For years, GitHub has been a hands-down online community of developers and technicians who come up with out-of-the-box projects across all verticals, provide roadmaps to multiple issues, etc. Today, GitHub has become this massive online repository for the big data community; that’s a great way to hone technical skills. Currently, the big data industry’s biggest challenge is the sheer dynamism of the market and its requirements.

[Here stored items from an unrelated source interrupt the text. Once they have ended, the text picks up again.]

lemma card_children_eq: "d b x = d b x' \<Longrightarrow> card (children b x) = card (children b x')"
  using card_children by (metis gdist_eq_0_iff)

end

text \<open>Rays from b can be matched by a stabiliser of b: extend the matching level by level,
  using that all vertices of the same level have equally many children.\<close>

locale two_rays = homogeneous_tree E q for E :: "'v \<Rightarrow> 'v \<Rightarrow> bool" and q +
  fixes b :: 'v and \<alpha> \<beta> :: "nat \<Rightarrow> 'v"
  assumes ray_\<alpha>: "ray E \<alpha>" and \<alpha>_0: "\<alpha> 0 = b" and ray_\<beta>: "ray E \<beta>" and \<beta>_0: "\<beta> 0 = b"
begin

lemma gdist_\<alpha>: "d b (\<alpha> t) = t" and gdist_\<beta>: "d b (\<beta> t) = t"
  using ray_gdist[OF ray_\<alpha>] ray_gdist[OF ray_\<beta>] \<alpha>_0 \<beta>_0 by auto

lemma \<alpha>_children: "\<alpha> (Suc t) \<in> children b (\<alpha> t)" and \<beta>_children: "\<beta> (Suc t) \<in> children b (\<beta> t)"
  using ray_\<alpha> ray_\<beta> gdist_\<alpha> gdist_\<beta> unfolding children_def ray_def by auto

definition child_bij :: "'v \<Rightarrow> 'v \<Rightarrow> 'v \<Rightarrow> 'v" where
  "child_bij p p' = (SOME s. bij_betw s (children b p) (children b p') \<and>
     (\<forall>t. p = \<alpha> t \<and> p' = \<beta> t \<longrightarrow> s (\<alpha> (Suc t)) = \<beta> (Suc t)))"

lemma child_bij:
  assumes "d b p = d b p'"
  shows "bij_betw (child_bij p p') (children b p) (children b p') \<and>
     (\<forall>t. p = \<alpha> t \<and> p' = \<beta> t \<longrightarrow> child_bij p p' (\<alpha> (Suc t)) = \<beta> (Suc t))"
proof -
  have card: "card (children b p) = card (children b p')" using card_children_eq[OF assms] .
  have "\<exists>s. bij_betw s (children b p) (children b p') \<and>
     (\<forall>t. p = \<alpha> t \<and> p' = \<beta> t \<longrightarrow> s (\<alpha> (Suc t)) = \<beta> (Suc t))"
  proof (cases "\<exists>t. p = \<alpha> t \<and> p' = \<beta> t")
    case True
    then obtain t where t: "p = \<alpha> t" "p' = \<beta> t" by blast
    obtain s where "bij_betw s (children b p) (children b p')" "s (\<alpha> (Suc t)) = \<beta> (Suc t)"
      using bij_betw_map_point[OF children_finite card] \<alpha>_children \<beta>_children t by metis
    moreover have "t' = t" if "p = \<alpha> t'" for t' using that t gdist_\<alpha> by metis
    ultimately show ?thesis using t by blast
  next
    case False
    then show ?thesis using finite_same_card_bij[OF children_finite children_finite card] by blast
  qed
  then show ?thesis unfolding child_bij_def by (rule someI_ex)
qed

primrec lift :: "nat \<Rightarrow> 'v \<Rightarrow> 'v" where
  "lift 0 x = x"
| "lift (Suc n) x = child_bij (parent b x) (lift n (parent b x)) x"

definition transfer :: "'v \<Rightarrow> 'v" where
  "transfer x = lift (d b x) x"

lemma transfer_base [simp]: "transfer b = b"
  unfolding transfer_def by simp

lemma transfer_step: "x \<noteq> b \<Longrightarrow> transfer x = child_bij (parent b x) (transfer (parent b x)) x"
  unfolding transfer_def using gdist_parent by simp

lemma gdist_transfer: "d b (transfer x) = d b x"
proof (induction "d b x" arbitrary: x)
  case 0
  then have "x = b" by simp
  then show ?case by simp
next
  case (Suc n)
  have "x \<noteq> b" using Suc.hyps(2) by auto
  then have "d b (transfer (parent b x)) = d b (parent b x)" using Suc gdist_parent by simp
  then have "transfer x \<in> children b (transfer (parent b x))"
    using child_bij mem_children_parent[OF \<open>x \<noteq> b\<close>] transfer_step[OF \<open>x \<noteq> b\<close>]
    by (metis bij_betw_apply)
  then show ?case using gdist_parent[OF \<open>x \<noteq> b\<close>] \<open>d b (transfer (parent b x)) = d b (parent b x)\<close>
    by (simp add: children_def)
qed

lemma transfer_bij_children:
  "bij_betw (child_bij p (transfer p)) (children b p) (children b (transfer p))"
  using child_bij[of p "transfer p"] gdist_transfer by simp

lemma transfer_children: "x \<noteq> b \<Longrightarrow> transfer x \<in> children b (transfer (parent b x))"
  using bij_betw_apply[OF transfer_bij_children mem_children_parent] transfer_step by metis

lemma transfer_neq_b: "x \<noteq> b \<Longrightarrow> transfer x \<noteq> b"
  using children_parent[OF transfer_children] by blast

lemma parent_transfer: "x \<noteq> b \<Longrightarrow> parent b (transfer x) = transfer (parent b x)"
  using children_parent[OF transfer_children] by blast

lemma transfer_ray: "transfer (\<alpha> t) = \<beta> t"
proof (induction t)
  case 0 then show ?case using \<alpha>_0 \<beta>_0 by simp
next
  case (Suc t)
  have "\<alpha> (Suc t) \<noteq> b" "parent b (\<alpha> (Suc t)) = \<alpha> t" using children_parent[OF \<alpha>_children] by auto
  then show ?case
    using transfer_step Suc child_bij[of "\<alpha> t" "\<beta> t"] gdist_\<alpha> gdist_\<beta> by simp
qed

lemma transfer_eq_b_iff: "transfer x = b \<longleftrightarrow> x = b"
  using transfer_neq_b[of x] transfer_base by blast

lemma inj_transfer: "inj transfer"
proof -
  have "x = y" if "transfer x = transfer y" for x y
    using that
  proof (induction "d b x" arbitrary: x y)
    case 0
    then have "x = b" by (metis gdist_eq_0_iff)
    then have "transfer y = b" using "0.prems" by simp
    then show ?case using \<open>x = b\<close> transfer_eq_b_iff[of y] by simp
  next
    case (Suc n)
    have "x \<noteq> b" using Suc.hyps(2) by auto
    then have "transfer y \<noteq> b" using Suc.prems transfer_neq_b[OF \<open>x \<noteq> b\<close>] by simp
    then have "y \<noteq> b" by auto
    let ?p = "parent b x"
    have "transfer ?p = parent b (transfer x)" using parent_transfer[OF \<open>x \<noteq> b\<close>] by simp
    also have "\<dots> = transfer (parent b y)" using parent_transfer[OF \<open>y \<noteq> b\<close>] Suc.prems by simp
    finally have p: "?p = parent b y"
      using Suc.hyps(1)[of ?p "parent b y"] gdist_parent[OF \<open>x \<noteq> b\<close>] Suc.hyps(2) by simp
    have "child_bij ?p (transfer ?p) x = transfer x" by (fact transfer_step[OF \<open>x \<noteq> b\<close>, symmetric])
    also have "\<dots> = transfer y" by (rule Suc.prems)
    also have "\<dots> = child_bij ?p (transfer ?p) y" using transfer_step[OF \<open>y \<noteq> b\<close>] p by simp
    finally show ?case
      using inj_onD[OF bij_betw_imp_inj_on[OF transfer_bij_children]]
        mem_children_parent[OF \<open>x \<noteq> b\<close>] mem_children_parent[OF \<open>y \<noteq> b\<close>] p by auto
  qed
  then show ?thesis by (rule injI)
qed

Therefore, if you want to get a good headstart into setting yourself as a differentiator, there are multiple big data projects on GitHub that can work just right. These projects are known for their signature usage of open-source data and implementation in real-life that can be taken as it is or tweaked according to your project objectives. If NoSQL databases like MongoDB, Cassandra have been your forte, work on Hadoop Cluster management’s fundamentals, stream-processing techniques, and distributed computing. 

The point is that Big Data is one of the most promising industries of the current times as people are waking up to the fact that data analysis can promote sustainability in the coming years when done right. As demanding as it gets, for a big data/data science professional, starting with Hadoop projects on GitHub can be an excellent way to grow along with the industry requirements and develop a stronghold over the basics. In this post, we’d be covering such big data projects on GitHub so far:

Read: Top 6 AI Projects in Github You Should Check Out Now

Big Data Projects in GitHub

1. Pandas Profiling

The pandas profiling project aims to create HTML profiling reports and extend the pandas DataFrame objects, as the primary function df.describe() isn’t adequate for deep-rooted data analysis. It uses machine learning and pandas data frame to find the unique, correlated variables and quick data analysis. 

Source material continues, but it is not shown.